## What needs to be done
Go to the line holding "q \<le> kantorovich" in the entries below and write out exactly every line down to and including the line holding "proof (rule hausdorff_match[OF".

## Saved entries
lemma K_bounds:
  assumes "bnd d" "\<pi> \<in> proc_dists" "\<pi>' \<in> proc_dists"
  shows "0 \<le> kantorovich d \<pi> \<pi>' \<and> kantorovich d \<pi> \<pi>' \<le> 1"
proof
  show "0 \<le> kantorovich d \<pi> \<pi>'"
    unfolding kantorovich_def using pair_coupling E_nonneg_couplings[OF assms]
    by (intro cInf_greatest) auto
  have "kantorovich d \<pi> \<pi>' \<le> E (pair_pmf \<pi> \<pi>') d"
    by (rule K_le[OF assms pair_coupling])
  also have "\<dots> \<le> 1"
    using E_props(3)[OF assms(1) coupling_procs[OF pair_coupling assms(2,3)]] .
  finally show "kantorovich d \<pi> \<pi>' \<le> 1" .
qed

lemma K_bounded: "bnd d \<Longrightarrow> P \<subseteq> proc_dists \<Longrightarrow> bounded01_on P (kantorovich d)"
  unfolding bounded01_on_def using K_bounds by blast

lemma K_mono:
  assumes "bnd d1" "bnd d2" "\<And>u v. u \<in> procs \<Longrightarrow> v \<in> procs \<Longrightarrow> d1 u v \<le> d2 u v"
    and "\<pi> \<in> proc_dists" "\<pi>' \<in> proc_dists"
  shows "kantorovich d1 \<pi> \<pi>' \<le> kantorovich d2 \<pi> \<pi>'"
  unfolding kantorovich_def[of d2]
proof (rule cInf_greatest)
  show "(\<lambda>\<omega>. E \<omega> d2) ` couplings \<pi> \<pi>' \<noteq> {}" using pair_coupling by blast
  fix x assume "x \<in> (\<lambda>\<omega>. E \<omega> d2) ` couplings \<pi> \<pi>'"
  then obtain \<omega> where \<omega>: "\<omega> \<in> couplings \<pi> \<pi>'" and x: "x = E \<omega> d2" by blast
  have sp: "set_pmf \<omega> \<subseteq> procs \<times> procs" using coupling_procs[OF \<omega> assms(4,5)] .
  have "kantorovich d1 \<pi> \<pi>' \<le> E \<omega> d1" by (rule K_le[OF assms(1,4,5) \<omega>])
  also have "\<dots> \<le> E \<omega> d2"
    by (rule integral_mono_AE[OF E_props(1)[OF assms(1) sp] E_props(1)[OF assms(2) sp]])
       (use sp assms(3) in \<open>auto simp: AE_measure_pmf_iff\<close>)
  finally show "kantorovich d1 \<pi> \<pi>' \<le> x" using x by simp
qed

lemma K_bounded_der:
  "bnd d \<Longrightarrow> u \<in> procs \<Longrightarrow> v \<in> procs \<Longrightarrow> bounded01_on (der u a \<union> der v a) (kantorovich d)"
  by (intro K_bounded Un_least der_procs)

lemma bisim_fun_bounds:
  assumes "bnd d" "u \<in> procs" "v \<in> procs"
  shows "0 \<le> bisim_fun d u v \<and> bisim_fun d u v \<le> 1"
  unfolding bisim_fun_def
  using hausdorff_bounds[OF K_bounded_der[OF assms]] by (intro sup01_bounds) auto

lemma bisim_fun_mono:
  assumes "bnd d1" "bnd d2" "\<And>u v. u \<in> procs \<Longrightarrow> v \<in> procs \<Longrightarrow> d1 u v \<le> d2 u v"
    and "u \<in> procs" "v \<in> procs"
  shows "bisim_fun d1 u v \<le> bisim_fun d2 u v"
  unfolding bisim_fun_def
proof (rule sup01_least)
  have H2: "range (\<lambda>a. hausdorff (kantorovich d2) (der u a) (der v a)) \<subseteq> {0..1}"
    using hausdorff_bounds[OF K_bounded_der[OF assms(2,4,5)]] by auto
  show "0 \<le> sup01 (range (\<lambda>a. hausdorff (kantorovich d2) (der u a) (der v a)))"
    using sup01_bounds[OF H2] by simp
  fix x assume "x \<in> range (\<lambda>a. hausdorff (kantorovich d1) (der u a) (der v a))"
  then obtain a where x: "x = hausdorff (kantorovich d1) (der u a) (der v a)" by blast
  have "x \<le> hausdorff (kantorovich d2) (der u a) (der v a)"
    unfolding x
  proof (rule hausdorff_mono[OF K_bounded_der[OF assms(1,4,5)] K_bounded_der[OF assms(2,4,5)]])
    fix p q assume "p \<in> der u a \<union> der v a" "q \<in> der u a \<union> der v a"
    then have "p \<in> proc_dists" "q \<in> proc_dists"
      using der_procs[OF assms(4)] der_procs[OF assms(5)] by blast+
    then show "kantorovich d1 p q \<le> kantorovich d2 p q"
      using K_mono[OF assms(1,2)] assms(3) by blast
  qed
  also have "\<dots> \<le> sup01 (range (\<lambda>a. hausdorff (kantorovich d2) (der u a) (der v a)))"
    by (rule sup01_upper[OF _ H2]) simp
  finally show "x \<le> \<dots>" .
qed

lemma bisim_fun_match:
  assumes "bnd d" "u \<in> procs" "v \<in> procs" "bisim_fun d u v \<le> c" "c < 1" "0 < e"
    and "\<pi> \<in> der u a"
  shows "\<exists>\<pi>'\<in>der v a. kantorovich d \<pi> \<pi>' < c + e"
proof (rule hausdorff_match[OF K_bounded_der[OF assms(1-3)] _ assms(5-7)])
  have "range (\<lambda>a. hausdorff (kantorovich d) (der u a) (der v a)) \<subseteq> {0..1}"
    using hausdorff_bounds[OF K_bounded_der[OF assms(1-3)]] by auto
  then have "hausdorff (kantorovich d) (der u a) (der v a) \<le> bisim_fun d u v"
    unfolding bisim_fun_def by (rule sup01_upper[rotated]) simp
  with assms(4) show "hausdorff (kantorovich d) (der u a) (der v a) \<le> c" by simp
qed

section \<open>The bisimilarity metric as least pre-fixed point\<close>

definition prefixed :: "(('a, 'v) pterm \<Rightarrow> ('a, 'v) pterm \<Rightarrow> real) \<Rightarrow> bool" where
  "prefixed d \<longleftrightarrow> (\<forall>u\<in>procs. \<forall>v\<in>procs. bisim_fun d u v \<le> d u v)"

lemma bisim_metric_Inf: "bisim_metric u v = Inf {d u v | d. bnd d \<and> prefixed d}"
  unfolding bisim_metric_def bnd_def prefixed_def bounded01_on_def by simp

## Solution below
    then show "kantorovich d1 p q \<le> kantorovich d2 p q"
      using K_mono[OF assms(1,2)] assms(3) by blast
  qed
  also have "\<dots> \<le> sup01 (range (\<lambda>a. hausdorff (kantorovich d2) (der u a) (der v a)))"
    by (rule sup01_upper[OF _ H2]) simp
  finally show "x \<le> \<dots>" .
qed

lemma bisim_fun_match:
  assumes "bnd d" "u \<in> procs" "v \<in> procs" "bisim_fun d u v \<le> c" "c < 1" "0 < e"
    and "\<pi> \<in> der u a"
  shows "\<exists>\<pi>'\<in>der v a. kantorovich d \<pi> \<pi>' < c + e"
proof (rule hausdorff_match[OF K_bounded_der[OF assms(1-3)] _ assms(5-7)])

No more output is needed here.